- Saved entries
--- --- ---

(* For every integer $r \ge 2$ there exists $N = N(r)$ such that for all integers $n \ge N$, \[ \hat{R}(P_n, r) < 600 (\log r)\, r^2 n . \]
   Context: $P_n$ denotes the path on $n$ vertices. For a graph $F$ and an integer $r\ge 1$, write $G \to (F)_r$ if every colouring of the edges of $G$ with $r$ colours yields a monochromatic copy of $F$ (i.e. a subgraph isomorphic to $F$ all of whose edges have the same colour). The size-Ramsey number $\hat{R}(F,r)$ is the minimum number of edges $|E(G)|$ over all graphs $G$ with $G \to (F)_r$. $\log$ denotes the natural logarithm. *)

theory Defs
  imports Complex_Main
begin

text \<open>A finite simple graph is represented by its edge set: a finite set of
  2-element subsets of the vertex type nat (every finite graph is isomorphic
  to one on natural-number vertices; isolated vertices are irrelevant here).\<close>
definition simple_graph :: "nat set set \<Rightarrow> bool" where
  "simple_graph E \<longleftrightarrow> finite E \<and> (\<forall>e\<in>E. card e = 2)"

definition mono_path :: "nat set set \<Rightarrow> (nat set \<Rightarrow> nat) \<Rightarrow> nat \<Rightarrow> bool" where
  "mono_path E c n \<longleftrightarrow>
     (\<exists>v :: nat \<Rightarrow> nat. \<exists>col :: nat. inj_on v {..<n} \<and>
        (\<forall>i. Suc i < n \<longrightarrow> {v i, v (Suc i)} \<in> E \<and> c {v i, v (Suc i)} = col))"

definition arrows_path :: "nat set set \<Rightarrow> nat \<Rightarrow> nat \<Rightarrow> bool" where
  "arrows_path E n r \<longleftrightarrow>
     (\<forall>c :: nat set \<Rightarrow> nat. (\<forall>e\<in>E. c e < r) \<longrightarrow> mono_path E c n)"

definition size_ramsey_path :: "nat \<Rightarrow> nat \<Rightarrow> nat" where
  "size_ramsey_path n r =
     (LEAST m. \<exists>E. simple_graph E \<and> arrows_path E n r \<and> card E = m)"

end

theory Submission
  imports Defs "HOL-Analysis.Complex_Transcendental" "HOL-Analysis.Harmonic_Numbers"
begin

text \<open>Let G have N = 30rn vertices and M edges such that every set of at most 2n vertices
  spans at most D \<approx> \<lambda> n edges, where \<lambda> = O(log r); counting the M-edge graphs
  that contain t = D + 1 edges inside some 2n-set shows that such G exists as long as
  M \<approx> 30 r^2 D. If a colour class H contains no path on n vertices, depth-first search
  in H finds n vertices S whose H-neighbours outside S lie on the current search path, which
  has fewer than n vertices; all edges of H at S then lie in a set of fewer than 2n vertices.
  Removing S and repeating shows that H has at most (N/n + 1) D edges, so r colour classes
  cannot cover the M > r (N/n + 1) D edges of G.\<close>

definition pairs :: "'a set \<Rightarrow> 'a set set" where
  "pairs V = {e. e \<subseteq> V \<and> card e = 2}"

lemma finite_pairs: "finite V \<Longrightarrow> finite (pairs V)"
  unfolding pairs_def by (rule finite_subset[of _ "Pow V"]) auto

lemma card_pairs: "finite V \<Longrightarrow> card (pairs V) = card V choose 2"
  unfolding pairs_def by (rule n_subsets)

section \<open>Depth-first search\<close>

definition path_in :: "'a set set \<Rightarrow> 'a list \<Rightarrow> bool" where
  "path_in H u \<longleftrightarrow> distinct u \<and> (\<forall>i. Suc i < length u \<longrightarrow> {u!i, u!Suc i} \<in> H)"

lemma path_in_snoc:
  assumes "path_in H u" "u \<noteq> []" "y \<notin> set u" "{last u, y} \<in> H"
  shows "path_in H (u @ [y])"
  unfolding path_in_def
proof (intro conjI allI impI)
  show "distinct (u @ [y])" using assms(1,3) by (simp add: path_in_def)
next
  fix i assume i: "Suc i < length (u @ [y])"
  show "{(u @ [y]) ! i, (u @ [y]) ! Suc i} \<in> H"
  proof (cases "Suc i < length u")
    case True then show ?thesis using assms(1) by (simp add: path_in_def nth_append)
  next
    case False
    then have "i = length u - 1" using i by simp
    then show ?thesis using assms(2,4) by (simp add: nth_append last_conv_nth)
  qed
qed

lemma path_in_butlast: "path_in H u \<Longrightarrow> path_in H (butlast u)"
  unfolding path_in_def by (auto simp: nth_butlast distinct_butlast)

text \<open>A state of depth-first search on the vertex set V: S holds the finished vertices, u is the
  stack (always a path of H) and T the unvisited vertices.\<close>
definition dfs_state :: "'a set set \<Rightarrow> 'a set \<Rightarrow> 'a set \<Rightarrow> 'a list \<Rightarrow> 'a set \<Rightarrow> bool" where
  "dfs_state H V S u T \<longleftrightarrow> S \<inter> set u = {} \<and> S \<inter> T = {} \<and> set u \<inter> T = {} \<and>
     S \<union> set u \<union> T = V \<and> path_in H u \<and> (\<forall>x\<in>S. \<forall>y\<in>T. {x,y} \<notin> H)"

lemma dfs_step:
  assumes V: "finite V" and st: "dfs_state H V S u T" and S: "card S < card V"
  shows "\<exists>S' u' T'. dfs_state H V S' u' T' \<and>
    (S' = S \<and> card T' < card T \<or> (\<exists>x. x \<notin> S \<and> S' = insert x S \<and> T' = T))"
proof -
  have T: "finite T" using st V unfolding dfs_state_def by (metis finite_Un)
  show ?thesis
  proof (cases "u = []")
    case True
    then have "T \<noteq> {}" using st S unfolding dfs_state_def by auto
    then obtain y where y: "y \<in> T" by blast
    have "dfs_state H V S [y] (T - {y})"
      using st True y unfolding dfs_state_def path_in_def by auto
    then show ?thesis using card_Diff1_less[OF T y] by blast
  next
    case False
    show ?thesis
    proof (cases "\<exists>y\<in>T. {last u, y} \<in> H")
      case True
      then obtain y where y: "y \<in> T" "{last u, y} \<in> H" by blast
      then have "path_in H (u @ [y])"
        using st False by (intro path_in_snoc) (auto simp: dfs_state_def)
      then have "dfs_state H V S (u @ [y]) (T - {y})"
        using st y unfolding dfs_state_def by auto
      then show ?thesis using card_Diff1_less[OF T y(1)] by blast
    next
      case no_edge: False
      have u: "u = butlast u @ [last u]" using False by simp
      have "distinct u" using st unfolding dfs_state_def path_in_def by simp
      then have "last u \<notin> set (butlast u)" using u by (metis distinct_append disjoint_iff list.set_intros(1))
      moreover have "last u \<notin> S" using st False unfolding dfs_state_def by auto
      moreover have "set u = insert (last u) (set (butlast u))" using u
        by (metis Un_insert_right empty_set list.simps(15) set_append sup_bot.right_neutral)
      ultimately have "dfs_state H V (insert (last u) S) (butlast u) T"
        using st no_edge path_in_butlast[of H u] unfolding dfs_state_def by auto
      then show ?thesis using \<open>last u \<notin> S\<close> by blast
    qed
  qed
qed
(* Let $G$ be a graph with a hole cover $\mathcal C$ satisfying the NC property in $G$, and let $u,w\in\mathcal C$ be adjacent in $G$. Then there is no vertex $v$ such that both $uv$ and $wv$ are newly added edges, i.e. both belong to $E(\widehat G(\mathcal C))\setminus E(G)$.
   Context: All graphs are finite and simple. A hole of $G$ is an induced cycle of length at least $4$; $\mathcal H(G)$ is the set of holes of $G$ and $\mathcal H(G,u)$ the set of holes containing $u$. A hole cover of $G$ is a nonempty $X\subseteq V(G)$ meeting every hole. A vertex $u$ satisfies the NC property in $G$ if there are no holes $H\in\mathcal H(G,u)$, $H'\in\mathcal H(G)\setminus\mathcal H(G,u)$ sharing two consecutive edges (two distinct edges with a common end vertex lying on both). A set $\mathcal C$ satisfies the NC property in $G$ if each of its vertices does and every hole contains at most one vertex of $\mathcal C$. Locally chordalizing all holes in $\mathcal H(G,u)$ by $u$ means adding all edges $uw$ with $w\ne u$ lying on some hole in $\mathcal H(G,u)$. For a hole cover $\mathcal C=\{u_1,\dots,u_k\}$ satisfying the NC property in $G$, set $G_0=G$, let $G_i$ be obtained from $G_{i-1}$ by locally chordalizing all holes in $\mathcal H(G_{i-1},u_i)$ by $u_i$, and put $\widehat G(\mathcal C)=G_k$ (this graph is chordal and independent of the ordering of $\mathcal C$). Edges of $\widehat G(\mathcal C)$ not in $G$ are called newly added edges. *)

theory Defs
  imports Main
begin

definition simple_graph :: "'a set \<Rightarrow> 'a set set \<Rightarrow> bool" where
  "simple_graph V E \<longleftrightarrow> finite V \<and>
     (\<forall>e\<in>E. \<exists>x y. e = {x, y} \<and> x \<noteq> y \<and> x \<in> V \<and> y \<in> V)"
lemma of_real_on_circle_in_descent_image:
  assumes r: "continuous_on circle r"
  shows "of_real_on_circle r \<in> descent_image"
proof -
  let ?R = "{r. of_real_on_circle r \<in> descent_image}"
  have "function_ring_on ?R circle"
  proof unfold_locales
    show "continuous_on circle r" if "r \<in> ?R" for r
    proof -
      have "of_real_on_circle r \<in> Cfun circle" using descent_image_Cfun that by blast
      then have "continuous_on circle (of_real_on_circle r)" by (simp add: Cfun_def)
      then have "continuous_on circle (\<lambda>z. Re (of_real_on_circle r z))"
        by (intro continuous_intros)
      then show ?thesis by (rule continuous_on_eq) (simp add: of_real_on_circle_def)
    qed
    show "(\<lambda>x. r x + s x) \<in> ?R" if "r \<in> ?R" "s \<in> ?R" for r s
    proof -
      have "of_real_on_circle (\<lambda>x. r x + s x) = (\<lambda>z. of_real_on_circle r z + of_real_on_circle s z)"
        by (auto simp: of_real_on_circle_def fun_eq_iff)
      moreover have "\<dots> \<in> descent_image" using that by (intro descent_image_add) simp_all
      ultimately show ?thesis by simp
    qed
    show "(\<lambda>x. r x * s x) \<in> ?R" if "r \<in> ?R" "s \<in> ?R" for r s
    proof -
      have "of_real_on_circle (\<lambda>x. r x * s x) = (\<lambda>z. of_real_on_circle r z * of_real_on_circle s z)"
        by (auto simp: of_real_on_circle_def fun_eq_iff)
      moreover have "\<dots> \<in> descent_image" using that by (intro descent_image_mult) simp_all
      ultimately show ?thesis by simp
    qed
    show "(\<lambda>_. c) \<in> ?R" for c
    proof -
      have "of_real_on_circle (\<lambda>_. c) = (\<lambda>z. if z \<in> circle then complex_of_real c else 0)"
        by (simp add: of_real_on_circle_def)
      then show ?thesis using descent_image_const by (simp only: mem_Collect_eq)
    qed
    show "\<exists>r\<in>?R. r z \<noteq> r z'" if zz': "z \<in> circle" "z' \<in> circle" "z \<noteq> z'" for z z'
    proof -
      obtain h where h: "h \<in> fixed_alg \<theta> f" and ne: "fiber_descent m h z \<noteq> fiber_descent m h z'"
        using fiber_descent_separates[OF zz'] by blast
      then have "Re (fiber_descent m h z) \<noteq> Re (fiber_descent m h z') \<or>
                 Im (fiber_descent m h z) \<noteq> Im (fiber_descent m h z')"
        by (simp add: complex_eq_iff)
      moreover have "(\<lambda>z. Re (fiber_descent m h z)) \<in> ?R" "(\<lambda>z. Im (fiber_descent m h z)) \<in> ?R"
        unfolding mem_Collect_eq by (rule descent_image_re_im[OF imageI[OF h]])+
      ultimately show ?thesis by (elim disjE) (rule bexI, assumption, assumption)+
    qed
  qed (rule compact_circle)
  obtain F where F: "F \<in> UNIV \<rightarrow> ?R" and lim: "uniform_limit circle F r sequentially"
    using function_ring_on.Stone_Weierstrass[OF \<open>function_ring_on ?R circle\<close> r] by blast
  have dist: "dist (of_real_on_circle g z) (of_real_on_circle r z) = dist (g z) (r z)"
    if "z \<in> circle" for g z
    using that by (simp add: of_real_on_circle_def dist_of_real)
  have "of_real_on_circle (F n) \<in> descent_image" for n using F by blast
  moreover have "uniform_limit circle (\<lambda>n. of_real_on_circle (F n)) (of_real_on_circle r) sequentially"
    using lim unfolding uniform_limit_iff by (simp add: dist cong: ball_cong)
  ultimately show ?thesis by (rule descent_image_uniform_limit[OF _ _ of_real_on_circle_Cfun[OF r]])
qed

lemma Cfun_subset_descent_image: "Cfun circle \<subseteq> descent_image"
proof
  fix k assume "k \<in> Cfun circle"
  then have kc: "continuous_on circle k" and k0: "\<And>z. z \<notin> circle \<Longrightarrow> k z = 0"
    by (auto simp: Cfun_def)
  have "k = (\<lambda>z. of_real_on_circle (\<lambda>z. Re (k z)) z + \<i> * of_real_on_circle (\<lambda>z. Im (k z)) z)"
    by (auto simp: fun_eq_iff of_real_on_circle_def k0 complex_eq_iff)
  also have "\<dots> \<in> descent_image"
  proof -
    have "continuous_on circle (\<lambda>z. Re (k z))" using kc by (intro continuous_intros)
    moreover have "continuous_on circle (\<lambda>z. Im (k z))" using kc by (intro continuous_intros)
    ultimately show ?thesis
      by (intro descent_image_add descent_image_scale of_real_on_circle_in_descent_image)
  qed
  finally show "k \<in> descent_image" .
qed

--- --- ---

- Prompt
Copy the lines of the data above exactly as written, beginning with the line containing "H V S (u @ [y])" and ending with the line containing "False by simp", and leave out all other lines.

- Answer to this task
      then have "dfs_state H V S (u @ [y]) (T - {y})"
        using st y unfolding dfs_state_def by auto
      then show ?thesis using card_Diff1_less[OF T y(1)] by blast
    next
      case no_edge: False
      have u: "u = butlast u @ [last u]" using False by simp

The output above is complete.